Разница между Лэндоном и Роуз в том, что Роуз выросла в уединенном окружении. Как и я, она мало что знала о том, как на самом деле знамениты ее родители, пока не пошла в Хогвартс. Так что она просто была рано развитой всезнайкой. А вот Лэндон же, с другой стороны, просто возрос под светом софитов. Его мать принесла присягу министра, когда ему было три, так что он никогда и не видел разницы. Было невозможно укрыть его от этого знания, так что он представляет, насколько знамениты его родители и знает, что они просто смехотворно важны.

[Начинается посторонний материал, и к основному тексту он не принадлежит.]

(* Let $(G,S)$ and $(H,S)$ be two compatible $d$-labeled boundaried graphs such that $\mathbf{Aux}(G,S)\oplus\mathbf{Aux}(H,S)$ has no cycles. If $F$ is an $S$-block of $(G,S)\oplus(H,S)$, then $\mathbf{Aux}(F\cap G,S\cap V(F))\oplus\mathbf{Aux}(F\cap H,S\cap V(F))$ has no cycles.
   Context: A block of a graph is a maximal connected subgraph without a cut vertex. A block $d$-labeling of a graph whose blocks have at most $d$ vertices is a map $V(G)\to[d]$ injective on each block; a $d$-labeled boundaried graph is a pair $(G,S)$ with $S\subseteq V(G)$ and $G$ carrying such a labeling. $(G,S)$ and $(H,S)$ are compatible if $V(G-S)\cap V(H-S)=\emptyset$, $G[S]=H[S]$, and labels agree on $S$. The sum $(G,S)\oplus(H,S)$ is the graph obtained from the disjoint union of $G$ and $H$ by identifying corresponding vertices of $S$ and removing duplicate edges inside $S$. An $S$-block of a graph containing $S$ is a block of it containing an edge of $G[S]$. For graphs $G_1,G_2$, $G_1\cap G_2$ is the graph with vertex set $V(G_1)\cap V(G_2)$ and edge set $E(G_1)\cap E(G_2)$. For a boundaried graph $(G,S)$, $\mathbf{Aux}(G,S)$ is the bipartite graph whose vertices are the connected components of $G$ and the connected components of $G[S]$, a component $C_1$ of $G$ adjacent to a component $C_2$ of $G[S]$ iff $C_2\subseteq C_1$; for two boundaried graphs with the same boundary graph, $\mathbf{Aux}(G,S)\oplus\mathbf{Aux}(H,S)$ is the disjoint union of $\mathbf{Aux}(G,S)$ and $\mathbf{Aux}(H,S)$ with the vertices corresponding to the same component of the boundary graph identified. *)

theory Defs
  imports Main
begin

Не говоря уже о том, что он избалован сверх меры, — не своими родителями, конечно — но он, в конце концов, самый младший внук во всей семье (не считая детей, что завела парочка моих кузин). И он слишком нафиг умный для своего же блага, что только увеличивает его испорченность. Он умный, и знает это. Вот полный рецепт кошмара.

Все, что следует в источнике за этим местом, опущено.